Hello again .....
Your friendly neighborhood pond Biologist here to shepherd you through these hot summer months where all of your hard work in the spring and fall allow you to enjoy the sights and sounds of a healthy system. Alas, these are the days of rapid algae growth and the infrequent but potentially severe bouts with fish maladies. The following is a strategy to keep your fish happy and healthy, and the water looking fantastic for the remainder of the season.
WARM WATER TEMPS:
July and August bring about our highest water temperatures (here in the midwest anyway). Water temperatures over 80 degrees (F) bring a different set of challenges to the aquatic biosphere. High temperatures in fresh water hold a lot less oxygen and puts a fair amount of stress on the aquatic creatures that call your pond home. Whether it be a back yard watergarden or a 2 acre pond, high temps are hard on most fish.
Midsummer is the most important time to aerate the pond. Run your pump/waterfall filter as much as is feasible to keep your fish happy. In larger ponds (with depths greater than 4ft and surface areas larger than 700 square feet) independent water circulation and/or diffused aeration is most efficient. Here is an example of a aeration system: (aerator). Moving water is key, the cycling of water allows for the elimination of harmful dissolved gases, and the import of oxygen into the water column, especially important at the sediment layer. Getting oxygen to the sediments allows of the degradation of organic material like leaves, fish waste, and assorted goo that accumulates over time. Just about all of the potential problems with ponds lies with in the accumulation of these organic sediments. Lucky for us, this time of year is the best time to attack those sediments.
If you don't have an aeration system for your pond, please give us a call. Each system is unique and needs to be sized for your system for best effect. (CSJ&J Gardens and Midwestponds.com 920-205-4560)
Your aerator is your single best tool for the reduction of organic muck. Here are some ways to make it better.
1. Start and/or bump up the dose of your bacteria regime for the breakdown of the goop. Summertime bacteria like ( Bacteria) will supercharge your system. ponds of all sizes will benefit from the addition of beneficial bacteria during the summer months.
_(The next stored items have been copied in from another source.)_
(* Let $\phi$ be a characteristic function and let $u\in\mathbb{R}\setminus\{0\}$ be such that $0<|\phi(u)|<1$. Let $\tilde\phi(u)\in\mathbb{C}$ be an arbitrary (possibly random) estimate of $\phi(u)$. Define $$\mathcal{Y}(u)=\log\bigl(-\log(|\phi(u)|^2)\bigr),\qquad \tilde{\mathcal{Y}}(u)=\log\bigl(-\log(T_{\omega_-,\omega_+}[|\tilde\phi|^2](u))\bigr),$$ $$\omega_\pm^*(u)=|\phi(u)|^2\Bigl(1\pm\frac{2|\log|\phi(u)||}{1+2|\log|\phi(u)||}\Bigr).$$ Then for any truncation levels $\omega_-(u),\omega_+(u)$ satisfying $$0<\omega_-(u)\le\omega_-^*(u)\le\omega_+^*(u)\le\omega_+(u)<1,$$ the following inequality holds with probability one: $$\bigl|\tilde{\mathcal{Y}}(u)-\mathcal{Y}(u)-\zeta_1(u)\bigl(|\tilde\phi(u)|^2-|\phi(u)|^2\bigr)\bigr|\le\zeta_2(u)\bigl(|\tilde\phi(u)|^2-|\phi(u)|^2\bigr)^2,$$ where $$\zeta_1(u)=2^{-1}|\phi(u)|^{-2}\log^{-1}(|\phi(u)|),\qquad \zeta_2(u)=2\max_{\xi\in\{\omega_-(u),\omega_+(u)\}}\Bigl[\frac{1+|\log\xi|}{\xi^2\log^2\xi}\Bigr].$$
   Context: For truncation levels $0<\omega_-\le\omega_+<1$ and a real-valued function $f$, the truncation operator is $T_{\omega_-,\omega_+}[f](u)=\omega_+$ if $f(u)>\omega_+$, $=f(u)$ if $\omega_-\le f(u)\le\omega_+$, and $=\omega_-$ if $f(u)<\omega_-$ (the levels may depend on $u$). *)

theory Defs
  imports "HOL-Probability.Probability"
begin

text \<open>Truncation operator T at a fixed point u, with levels wm = omega_-(u), wp = omega_+(u).\<close>
definition trunc_op :: "real \<Rightarrow> real \<Rightarrow> real \<Rightarrow> real" where
  "trunc_op wm wp x = (if x > wp then wp else if x < wm then wm else x)"

end

theory Submission
  imports Defs
begin

text \<open>Write \<open>p = |\<phi>(u)|\<^sup>2\<close> and \<open>g(y) = ln (- ln y)\<close>, so \<open>\<zeta>\<^sub>1 = g'(p)\<close>. On \<open>(0,1)\<close> the second
  derivative of \<open>g\<close> is bounded by \<open>K(y) = (1 - ln y) / (y ln y)\<^sup>2\<close>, and \<open>K\<close> is quasiconvex, so on
  the truncation window \<open>[\<omega>\<^sub>-, \<omega>\<^sub>+]\<close> it is bounded by \<open>H = max (K \<omega>\<^sub>-) (K \<omega>\<^sub>+) = \<zeta>\<^sub>2 / 2\<close>; Taylor's
  theorem then controls the error inside the window. Outside the window the truncated value is
  a window endpoint, and the extra linear term \<open>g'(p) (x - w)\<close> is quadratically small because
  \<open>x\<close> is then at distance at least \<open>d = p L / (1 + L)\<close> (\<open>L = - ln p\<close>) from \<open>p\<close>, where
  \<open>|g'(p)| = K(p) d \<le> H d\<close>.\<close>

lemma taylor_remainder_bound:
  fixes f f' f'' :: "real \<Rightarrow> real"
  assumes f': "\<And>t. a \<le> t \<Longrightarrow> t \<le> b \<Longrightarrow> DERIV f t :> f' t"
    and f'': "\<And>t. a \<le> t \<Longrightarrow> t \<le> b \<Longrightarrow> DERIV f' t :> f'' t"
    and bound: "\<And>t. a \<le> t \<Longrightarrow> t \<le> b \<Longrightarrow> \<bar>f'' t\<bar> \<le> H"
    and x: "a \<le> x" "x \<le> b" and c: "a \<le> c" "c \<le> b"
  shows "\<bar>f x - f c - f' c * (x - c)\<bar> \<le> H / 2 * (x - c)\<^sup>2"
proof (cases "x = c")
  case False
  define diff where "diff = (\<lambda>m::nat. if m = 0 then f else if m = 1 then f' else f'')"
  have "\<forall>m t. m < 2 \<and> a \<le> t \<and> t \<le> b \<longrightarrow> DERIV (diff m) t :> diff (Suc m) t"
    using f' f'' by (auto simp: diff_def less_2_cases_iff)
  from Taylor[of 2 diff f, OF _ _ this c x False]
  obtain t where t: "if x < c then x < t \<and> t < c else c < t \<and> t < x"
    and expansion: "f x = f c + f' c * (x - c) + f'' t / 2 * (x - c)\<^sup>2"
    by (auto simp: diff_def numeral_2_eq_2)
  have "a \<le> t" "t \<le> b" using t x c by (auto split: if_splits)
  then have "\<bar>f'' t\<bar> / 2 * (x - c)\<^sup>2 \<le> H / 2 * (x - c)\<^sup>2"
    using bound by (intro mult_right_mono divide_right_mono) auto
  then show ?thesis using expansion by (simp add: abs_mult)
qed simp

text \<open>A function whose derivative, once positive, stays positive decreases and then increases,
  so it never exceeds its values at the endpoints.\<close>
lemma le_max_endpoints_if_deriv_pos_persists:
  fixes f f' :: "real \<Rightarrow> real"
  assumes z: "a \<le> z" "z \<le> b"
    and deriv: "\<And>t. a \<le> t \<Longrightarrow> t \<le> b \<Longrightarrow> DERIV f t :> f' t"
    and persists: "\<And>s t. a < s \<Longrightarrow> s < t \<Longrightarrow> t < b \<Longrightarrow> 0 < f' s \<Longrightarrow> 0 < f' t"
  shows "f z \<le> max (f a) (f b)"
proof (rule ccontr)
  assume "\<not> ?thesis"
  then have above_a: "f a < f z" and above_b: "f b < f z" by auto
  then have "a < z" "z < b" using z by (auto simp: order.order_iff_strict)
  obtain s where s: "a < s" "s < z" "f z - f a = (z - a) * f' s"
    using MVT2[OF \<open>a < z\<close>, of f f'] deriv z by force
  obtain t where t: "z < t" "t < b" "f b - f z = (b - z) * f' t"
    using MVT2[OF \<open>z < b\<close>, of f f'] deriv z by force
  have "0 < f' s" using s above_a \<open>a < z\<close> by (metis diff_gt_0_iff_gt zero_less_mult_pos)
  then have "0 < f' t" using persists s t by simp
  then have "0 < (b - z) * f' t" using \<open>z < b\<close> by simp
  then show False using t above_b by linarith
qed

lemma trunc_op_linearization_bound:
  fixes f :: "real \<Rightarrow> real"
  assumes remainder: "\<And>y. wm \<le> y \<Longrightarrow> y \<le> wp \<Longrightarrow> \<bar>f y - f p - D * (y - p)\<bar> \<le> H / 2 * (y - p)\<^sup>2"
    and window: "wm \<le> p - d" "p + d \<le> wp" "0 \<le> d"
    and slope: "\<bar>D\<bar> \<le> H * d" and "0 \<le> H"
  shows "\<bar>f (trunc_op wm wp x) - f p - D * (x - p)\<bar> \<le> 3 / 2 * H * (x - p)\<^sup>2"
proof -
  define w where "w = trunc_op wm wp x"
  have w: "wm \<le> w" "w \<le> wp" and closer: "\<bar>w - p\<bar> \<le> \<bar>x - p\<bar>"
    using window by (auto simp: w_def trunc_op_def)
  have "\<bar>f w - f p - D * (w - p)\<bar> \<le> H / 2 * (w - p)\<^sup>2"
    using remainder w by simp
  also have "\<dots> \<le> H / 2 * (x - p)\<^sup>2"
    using closer \<open>0 \<le> H\<close> by (intro mult_left_mono) (auto simp: abs_le_square_iff)
  finally have inside: "\<bar>f w - f p - D * (w - p)\<bar> \<le> H / 2 * (x - p)\<^sup>2" .
  have outside: "\<bar>D * (x - w)\<bar> \<le> H * (x - p)\<^sup>2"
  proof (cases "w = x")
    case False
    then have far: "d \<le> \<bar>x - p\<bar>" and "\<bar>x - w\<bar> \<le> \<bar>x - p\<bar>"
      using window by (auto simp: w_def trunc_op_def split: if_splits)
    then have "\<bar>D\<bar> * \<bar>x - w\<bar> \<le> H * d * \<bar>x - p\<bar>"
      using slope \<open>0 \<le> H\<close> window by (intro mult_mono) auto
    also have "\<dots> \<le> H * (\<bar>x - p\<bar> * \<bar>x - p\<bar>)"
      using mult_right_mono[OF far, of "\<bar>x - p\<bar>"] \<open>0 \<le> H\<close>
      by (simp add: mult_left_mono mult.assoc)
    also have "\<dots> = H * (x - p)\<^sup>2" by (simp add: power2_eq_square)
    finally show ?thesis by (simp add: abs_mult)
  qed (use \<open>0 \<le> H\<close> in simp)
  have "f w - f p - D * (x - p) = (f w - f p - D * (w - p)) - D * (x - w)"
    by (simp add: algebra_simps)
  then show ?thesis using inside outside unfolding w_def[symmetric] by linarith
qed

definition loglog_curv :: "real \<Rightarrow> real" where
  "loglog_curv y = (1 - ln y) / (y * ln y)\<^sup>2"

lemma loglog_curv_eq:
  fixes y :: real
  assumes "0 < y" "y < 1"
  shows "loglog_curv y = (1 + \<bar>ln y\<bar>) / (y\<^sup>2 * (ln y)\<^sup>2)"
  using assms by (simp add: loglog_curv_def power_mult_distrib)

lemma loglog_curv_nonneg:
  fixes y :: real
  assumes "0 < y" "y < 1"
  shows "0 \<le> loglog_curv y"
proof -
  have "ln y < 0" using assms by simp
  then show ?thesis unfolding loglog_curv_def by simp
qed

lemma DERIV_ln_neg_ln:
  fixes y :: real
  assumes "0 < y" "y < 1"
  shows "DERIV (\<lambda>y. ln (- ln y)) y :> 1 / (y * ln y)"
proof -
  have "DERIV (\<lambda>y. ln (- ln y)) y :> 1 / (- ln y) * (- (1 / y))"
    using assms by (auto intro!: derivative_eq_intros)
  then show ?thesis by (simp add: field_simps)
qed

lemma DERIV_inverse_mult_ln:
  fixes y :: real
  assumes "0 < y" "y < 1"
  shows "DERIV (\<lambda>y. 1 / (y * ln y)) y :> - (1 + ln y) / (y * ln y)\<^sup>2"
proof -
  have "ln y < 0" using assms by simp
  have "DERIV (\<lambda>y. 1 / (y * ln y)) y :> - (1 * ln y + y * (1 / y)) / (y * ln y)\<^sup>2"
    using assms \<open>ln y < 0\<close> by (auto intro!: derivative_eq_intros simp: power2_eq_square)
  then show ?thesis using assms by (simp add: algebra_simps)
qed

lemma abs_second_deriv_ln_neg_ln_le:
  fixes y :: real
  assumes "0 < y" "y < 1"
  shows "\<bar>- (1 + ln y) / (y * ln y)\<^sup>2\<bar> \<le> loglog_curv y"
proof -
  have "ln y < 0" using assms by simp
  then have "\<bar>1 + ln y\<bar> \<le> 1 - ln y" unfolding abs_le_iff by linarith
  then show ?thesis unfolding loglog_curv_def abs_divide abs_minus_cancel
    by (simp add: divide_right_mono)
qed

lemma DERIV_loglog_curv:
  fixes y :: real
  assumes "0 < y" "y < 1"
  shows "DERIV loglog_curv y :> - (2 + ln y - 2 * (ln y)\<^sup>2) / (y * ln y)^3"
proof -
  have "ln y < 0" using assms by simp
  have "DERIV loglog_curv y :>
      (- (1 / y) * (y * ln y)\<^sup>2 - (1 - ln y) * (2 * (y * ln y) * (ln y + y * (1 / y))))
        / ((y * ln y)\<^sup>2)\<^sup>2"
    unfolding loglog_curv_def using assms \<open>ln y < 0\<close>
    by (auto intro!: derivative_eq_intros)
  moreover have "(- (1 / y) * (y * ln y)\<^sup>2 - (1 - ln y) * (2 * (y * ln y) * (ln y + y * (1 / y))))
        / ((y * ln y)\<^sup>2)\<^sup>2 = - (2 + ln y - 2 * (ln y)\<^sup>2) / (y * ln y)^3"
    using assms \<open>ln y < 0\<close> by (simp add: field_simps power2_eq_square power3_eq_cube)
  ultimately show ?thesis by simp
qed

lemma loglog_curv_le_max:
  assumes "0 < a" "a \<le> y" "y \<le> b" "b < 1"
  shows "loglog_curv y \<le> max (loglog_curv a) (loglog_curv b)"
proof (rule le_max_endpoints_if_deriv_pos_persists
    [where f = loglog_curv and f' = "\<lambda>t. - (2 + ln t - 2 * (ln t)\<^sup>2) / (t * ln t)^3"])
  show "DERIV loglog_curv t :> - (2 + ln t - 2 * (ln t)\<^sup>2) / (t * ln t)^3" if "a \<le> t" "t \<le> b" for t
    using DERIV_loglog_curv that assms by simp
next
  fix s t :: real
  assume st: "a < s" "s < t" "t < b" and pos: "0 < - (2 + ln s - 2 * (ln s)\<^sup>2) / (s * ln s)^3"
  have "ln s < ln t" "ln t < 0" using st assms by auto
  then have "(ln t)\<^sup>2 < (ln s)\<^sup>2" using power_strict_mono[of "- ln t" "- ln s" 2] by simp
  moreover have "s * ln s < 0" "t * ln t < 0"
    using st assms by (auto simp: mult_pos_neg)
  then have "(s * ln s)^3 < 0" "(t * ln t)^3 < 0" by (simp_all add: power_less_zero_eq)
  ultimately show "0 < - (2 + ln t - 2 * (ln t)\<^sup>2) / (t * ln t)^3"
    using pos \<open>ln s < ln t\<close> by (simp add: divide_less_0_iff zero_less_divide_iff)
qed (use assms in auto)

lemma trunc_op_ln_neg_ln_bound:
  fixes p wm wp x :: real
  defines "d \<equiv> p * - ln p / (1 - ln p)"
  assumes p: "0 < p" "p < 1"
    and window: "0 < wm" "wm \<le> p - d" "p + d \<le> wp" "wp < 1"
  shows "\<bar>ln (- ln (trunc_op wm wp x)) - ln (- ln p) - (x - p) / (p * ln p)\<bar>
           \<le> 3 / 2 * max (loglog_curv wm) (loglog_curv wp) * (x - p)\<^sup>2"
proof -
  define H where "H = max (loglog_curv wm) (loglog_curv wp)"
  define L where "L = - ln p"
  have "0 < L" using p by (simp add: L_def)
  have ln_p: "ln p = - L" and d: "d = p * L / (1 + L)" by (simp_all add: L_def d_def)
  have "0 \<le> d" using p \<open>0 < L\<close> by (simp add: d)
  then have in_window: "wm \<le> p" "p \<le> wp" using window by linarith+
  have curv: "\<bar>- (1 + ln t) / (t * ln t)\<^sup>2\<bar> \<le> H" if "wm \<le> t" "t \<le> wp" for t
    using abs_second_deriv_ln_neg_ln_le[of t] loglog_curv_le_max[of wm t wp] that window
    by (force simp: H_def)
  have "\<bar>ln (- ln y) - ln (- ln p) - 1 / (p * ln p) * (y - p)\<bar> \<le> H / 2 * (y - p)\<^sup>2"
    if "wm \<le> y" "y \<le> wp" for y
    using window in_window that
    by (intro taylor_remainder_bound[OF DERIV_ln_neg_ln DERIV_inverse_mult_ln curv]) auto
  moreover have "\<bar>1 / (p * ln p)\<bar> = loglog_curv p * d"
  proof -
    have "\<bar>1 / (p * ln p)\<bar> = 1 / (p * L)" using p \<open>0 < L\<close> by (simp add: ln_p abs_mult)
    also have "\<dots> = (1 + L) / (p * L)\<^sup>2 * (p * L / (1 + L))"
      using p \<open>0 < L\<close> by (simp add: power2_eq_square)
    finally show ?thesis by (simp add: loglog_curv_def ln_p d)
  qed
  moreover have "loglog_curv p \<le> H"
    using loglog_curv_le_max[of wm p wp] in_window window by (simp add: H_def)
  moreover have "0 \<le> loglog_curv p"
    using p by (rule loglog_curv_nonneg)
  ultimately have "\<bar>ln (- ln (trunc_op wm wp x)) - ln (- ln p) - 1 / (p * ln p) * (x - p)\<bar>
      \<le> 3 / 2 * H * (x - p)\<^sup>2"
    using window \<open>0 \<le> d\<close> by (intro trunc_op_linearization_bound[where d = d]) (auto intro: mult_right_mono)
  then show ?thesis by (simp add: H_def)
qed

text \<open>The bound is a deterministic statement about the number \<open>|\<phi>(u)| \<in> (0,1)\<close> and the value
  \<open>|\<phi>~(u)|\<^sup>2\<close>.\<close>
theorem lemma6p1:
  fixes M :: "real measure" and u :: real and est :: complex and wm wp :: real
  assumes "real_distribution M"
    and "u \<noteq> 0"
    and "0 < cmod (char M u)" and "cmod (char M u) < 1"
  defines "Y \<equiv> ln (- ln ((cmod (char M u))\<^sup>2))"
    and "Yt \<equiv> ln (- ln (trunc_op wm wp ((cmod est)\<^sup>2)))"
    and "om_minus \<equiv> (cmod (char M u))\<^sup>2 *
           (1 - 2 * \<bar>ln (cmod (char M u))\<bar> / (1 + 2 * \<bar>ln (cmod (char M u))\<bar>))"
    and "om_plus \<equiv> (cmod (char M u))\<^sup>2 *
           (1 + 2 * \<bar>ln (cmod (char M u))\<bar> / (1 + 2 * \<bar>ln (cmod (char M u))\<bar>))"
    and "zeta1 \<equiv> 1 / (2 * (cmod (char M u))\<^sup>2 * ln (cmod (char M u)))"
    and "zeta2 \<equiv> 2 * max ((1 + \<bar>ln wm\<bar>) / (wm\<^sup>2 * (ln wm)\<^sup>2))
                          ((1 + \<bar>ln wp\<bar>) / (wp\<^sup>2 * (ln wp)\<^sup>2))"
  assumes "0 < wm" and "wm \<le> om_minus" and "om_minus \<le> om_plus"
    and "om_plus \<le> wp" and "wp < 1"
  shows "\<bar>Yt - Y - zeta1 * ((cmod est)\<^sup>2 - (cmod (char M u))\<^sup>2)\<bar>
           \<le> zeta2 * ((cmod est)\<^sup>2 - (cmod (char M u))\<^sup>2)\<^sup>2"
proof -
  define c where "c = cmod (char M u)"
  define p where "p = c\<^sup>2"
  define x where "x = (cmod est)\<^sup>2"
  have "0 < c" "c < 1" using assms(3,4) by (simp_all add: c_def)
  then have p: "0 < p" "p < 1" and ln_p: "ln p = 2 * ln c" and "ln c < 0"
    by (simp_all add: p_def ln_realpow power_less_one_iff)
  have window: "om_minus = p - p * - ln p / (1 - ln p)" "om_plus = p + p * - ln p / (1 - ln p)"
    unfolding om_minus_def om_plus_def c_def[symmetric] p_def[symmetric]
    using \<open>ln c < 0\<close> by (simp_all add: ln_p algebra_simps)
  have w: "0 < wm" "wm < 1" "0 < wp" "wp < 1" using assms(11-15) by linarith+
  define B where "B = max (loglog_curv wm) (loglog_curv wp)"
  have zeta1: "zeta1 * (x - p) = (x - p) / (p * ln p)"
    unfolding zeta1_def c_def[symmetric] p_def[symmetric] by (simp add: ln_p mult_ac)
  have zeta2: "zeta2 = 2 * B"
    unfolding zeta2_def B_def using loglog_curv_eq[of wm] loglog_curv_eq[of wp] w by simp
  have "0 \<le> B"
    unfolding B_def using loglog_curv_nonneg[of wp] w by (simp add: max.coboundedI2)
  have "\<bar>Yt - Y - (x - p) / (p * ln p)\<bar> \<le> 3 / 2 * B * (x - p)\<^sup>2"
    unfolding Yt_def Y_def B_def x_def[symmetric] c_def[symmetric] p_def[symmetric]
    using assms(11-15) window by (intro trunc_op_ln_neg_ln_bound p) simp_all
  also have "\<dots> \<le> 2 * B * (x - p)\<^sup>2"
    using \<open>0 \<le> B\<close> by (intro mult_right_mono) auto
  finally show ?thesis
    unfolding zeta1[unfolded x_def] zeta2 x_def c_def[symmetric] p_def[symmetric] .
qed

end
There are lots of bacteria products out there; my advise is to try different brands each year until you find the one that works best for your system. Everyone's water chemistry is different and each bacteria strain grew up in slightly different environments, so try a few out and find one that works well for your pond. For large ponds your should be using 1-3 pound of bacteria per week, I can help you out there, just give us a call and we can set you up with a product and dose schedule that will get you started on the right track.
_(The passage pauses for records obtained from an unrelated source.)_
lemma recolour_steps_high_to_std:
  assumes adm: "admissible (c(u := q + r)) (detour_high u (std_paths c))"
    and nbr: "\<And>b. (u, b) \<in> E \<Longrightarrow> c b \<noteq> 0 \<and> (\<forall>s\<le>q + r. far s (c b))"
  shows "recolour_steps (assemble (c(u := q + r)) (detour_high u (std_paths c)))
      (assemble (c(u := q + r)) (std_paths (c(u := q + r))))"
proof -
  let ?c = "c(u := q + r)"
  have "recolour_steps (assemble ?c (detour_high u (std_paths c))) (assemble (?c(u := q + r)) (std_paths ?c))"
  proof (rule recolour_vertex_steps[OF adm, THEN conjunct1])
    show "\<forall>(a, b)\<in>E. a \<noteq> u \<and> b \<noteq> u \<longrightarrow> std_paths ?c a b = detour_high u (std_paths c) a b"
      by (auto simp: std_paths_def detour_high_def)
  next
    fix b assume ub: "(u, b) \<in> E"
    with nbr have "\<And>s. s \<le> q + r \<Longrightarrow> far s (c b)" by blast
    from out_paths_detour[OF this]
    show "path_steps (?c u) (?c b) (detour_high u (std_paths c) u b) (std_paths ?c u b)
        \<and> far (q + r) (?c b) \<and> path_ok (q + r) (?c b) (std_paths ?c u b)"
      using edge_irrefl[OF ub] nbr[OF ub] q_pos \<open>\<And>s. s \<le> q + r \<Longrightarrow> far s (c b)\<close>
      by (simp add: detour_high_def std_paths_at)
  next
    fix a assume au: "(a, u) \<in> E"
    with nbr[OF edge_sym] have "\<And>s. s \<le> q + r \<Longrightarrow> far (c a) s" using far_sym by blast
    from in_paths_detour[OF this]
    show "path_steps (?c a) (?c u) (detour_high u (std_paths c) a u) (std_paths ?c a u)
        \<and> far (?c a) (q + r) \<and> path_ok (?c a) (q + r) (std_paths ?c a u)"
      using edge_irrefl[OF au] nbr[OF edge_sym[OF au]] q_pos \<open>\<And>s. s \<le> q + r \<Longrightarrow> far (c a) s\<close>
      by (simp add: detour_high_def std_paths_at)
  qed (use four_q_lt_p r_lt_q in auto)
  thus ?thesis by simp
qed

text \<open>\<open>\<gamma> 1 = q + r\<close> is too close to the colour \<open>q\<close> of \<open>x\<^sub>0\<close> on the paths leaving \<open>u\<close>, so
  \<open>u\<close> moves \<open>0 \<rightarrow> q - 1 \<rightarrow> q + r\<close>, its paths being rerouted before each move.\<close>

lemma recolour_steps_from0_to_one:
  assumes h: "k_col k V E h" and hu: "h u = 0" and nbrs: "\<forall>b. (u, b) \<in> E \<longrightarrow> h b \<noteq> 1"
  shows "recolour_steps (std_colouring h) (std_colouring (h(u := 1)))"
proof -
  have "(\<gamma> \<circ> h) b \<noteq> 0 \<and> (\<forall>s\<le>q + r. far s ((\<gamma> \<circ> h) b))" if "(u, b) \<in> E" for b
  proof -
    have "2 \<le> h b" "h b < k" using neighbour_of_zero[OF h hu that] nbrs that by force+
    thus ?thesis using far_gam_le_q_plus_r far_sym gam_eq_0_iff by auto
  qed
  note nbr = this
  let ?c = "\<gamma> \<circ> h"
  have cu: "?c u = 0" using hu by simp
  note low = recolour_steps_from0_to_low[OF admissible_std[OF h] cu nbr]
  note high = recolour_steps_low_to_high[OF conjunct2[OF low] nbr]
  note std = recolour_steps_high_to_std[OF conjunct2[OF high] nbr]
  have "\<gamma> \<circ> h(u := 1) = ?c(u := q + r)" by (simp add: fun_upd_comp gam_pos)
  thus ?thesis unfolding std_colouring_def
    by (simp only:) (rule rtranclp_trans[OF rtranclp_trans[OF conjunct1[OF low] conjunct1[OF high]] std])
qed

lemma recolour_steps_from0:
  assumes h: "k_col k V E h" and h': "k_col k V E (h(u := c))" and u: "u \<in> V"
    and hu: "h u = 0" and c: "c \<noteq> 0"
  shows "recolour_steps (std_colouring h) (std_colouring (h(u := c)))"
proof -
  have "c < k" using h' u unfolding k_col_def by force
  moreover have "\<forall>b. (u, b) \<in> E \<longrightarrow> h b \<noteq> c"
    using neighbour_of_zero[OF h hu] k_col_edge[OF h'] by fastforce
  ultimately show ?thesis
    using c recolour_steps_from0_to_one[OF h hu] recolour_steps_from0_to_high[OF h hu]
    by (cases "c = 1") auto
qed

lemma recolour_step_nonzero:
  assumes h: "k_col k V E h" and h': "k_col k V E (h(u := c))" and "h u \<noteq> 0" "c \<noteq> 0"
  shows "recolour_step (std_colouring h) (std_colouring (h(u := c)))"
proof -
  have "(\<gamma> \<circ> h(u := c)) v = 0 \<longleftrightarrow> (\<gamma> \<circ> h) v = 0" for v
    using assms gam_eq_0_iff by auto
  hence "std_paths (\<gamma> \<circ> h(u := c)) = std_paths (\<gamma> \<circ> h)"
    by (intro ext) (simp add: std_paths_def)
  thus ?thesis unfolding std_colouring_def
    by (intro recolour_stepI[OF pq_col_assemble[OF admissible_std[OF h]]
        pq_col_assemble[OF admissible_std[OF h']], where z = "Orig u"])
      (auto simp: assemble_def split: gvert.split)
qed

lemma recolour_steps_std_colouring:
  assumes h: "k_col k V E h" and h': "k_col k V E (h(u := c))" and u: "u \<in> V"
  shows "recolour_steps (std_colouring h) (std_colouring (h(u := c)))"
proof -
  consider "h u = 0" "c = 0" | "h u = 0" "c \<noteq> 0" | "h u \<noteq> 0" "c = 0" | "h u \<noteq> 0" "c \<noteq> 0"
    by blast
  thus ?thesis
  proof cases
    case 1
    thus ?thesis by (simp add: fun_upd_idem)
  next
    case 2
    thus ?thesis using recolour_steps_from0[OF assms] by simp
  next
    case 3
    have "recolour_steps (std_colouring (h(u := c))) (std_colouring ((h(u := c))(u := h u)))"
      by (rule recolour_steps_from0[OF h' _ u]) (use h 3 in auto)
    thus ?thesis using recolour_steps_sym by simp
  next
    case 4
    thus ?thesis using recolour_step_nonzero[OF h h'] by simp
  qed
qed

end

theorem lemma3p4:
  fixes p q :: nat and V :: "'v set" and E :: "('v \<times> 'v) set"
    and h h' :: "'v \<Rightarrow> nat" and u :: 'v and \<eta> :: "'v gvert \<Rightarrow> nat"
  assumes "0 < q" and "4 * q \<le> p"
    and "1 \<le> rpar p q"
    and "finite V" and "E \<subseteq> V \<times> V" and "sym E" and "irrefl E"
    and "k_col (kpar p q) V E h" and "k_col (kpar p q) V E h'"
    and "u \<in> V" and "{v \<in> V. h v \<noteq> h' v} = {u}"
    and "pq_col p q V E \<eta>"
    and "\<forall>i < p. \<eta> (Yv i) = i"
    and "\<forall>v \<in> V. \<eta> (Orig v) = gam p q (h v)"
    and "all_std p q E \<eta>"
  shows "\<exists>\<eta>'. pq_col p q V E \<eta>' \<and> all_std p q E \<eta>' \<and>
           (\<forall>v \<in> V. \<eta>' (Orig v) = gam p q (h' v)) \<and> reconf p q V E \<eta> \<eta>'"
proof -
  interpret pq_gadget p q V E by unfold_locales (use assms(1-7) in auto)
  let ?h = "h(u := h' u)"
  have agree: "\<forall>v\<in>V. ?h v = h' v" using assms(11) by auto
  have h': "k_col (kpar p q) V E ?h" by (rule k_col_cong[OF agree assms(9)])
  have "recolour_step \<eta> (std_colouring h)"
    using std_colouring_agrees[OF assms(13-15)]
    by (intro recolour_stepI[OF assms(12) pq_col_assemble[OF admissible_std[OF assms(8)]],
        folded std_colouring_def]) auto
  hence steps: "recolour_steps \<eta> (std_colouring ?h)"
    using recolour_steps_std_colouring[OF assms(8) h' assms(10)] by simp
  show ?thesis
  proof (intro exI conjI)
    show "pq_col p q V E (std_colouring ?h)" by (rule pq_col_if_recolour_steps[OF steps assms(12)])
    show "all_std p q E (std_colouring ?h)" by (rule all_std_std_colouring[OF h'])
    show "\<forall>v\<in>V. std_colouring ?h (Orig v) = gam p q (h' v)"
      using agree by (simp add: std_colouring_def del: fun_upd_apply)
    show "reconf p q V E \<eta> (std_colouring ?h)" by (rule reconf_if_recolour_steps[OF steps assms(12)])
  qed
qed

end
2. For watergarden, run your filter system into the night and very early in the morning, as the times just after dusk and before dawn are the times where oxygen levels will be at their lowest. During these times, the plants/algae stop producing oxygen and actually start consuming it. So it is very important that we are always turning in more oxygen to eliminate the possibility of an oxygen depletion.
3.Be sure to remove dead and dying plant debris from the pond. If you are outside working in the yard, take a walk around the pond and clear out anything that could potentially become a problem later. Dead pond lily leaves, seed pods from other aquatic plants, it all helps in the long run. Your pond is a lot like your yard, if you leave it alone for a month it will look like poo.
In order to stay ahead of the algae, a bit of maintenance is on the docket.
Thanks so much for taking the time.....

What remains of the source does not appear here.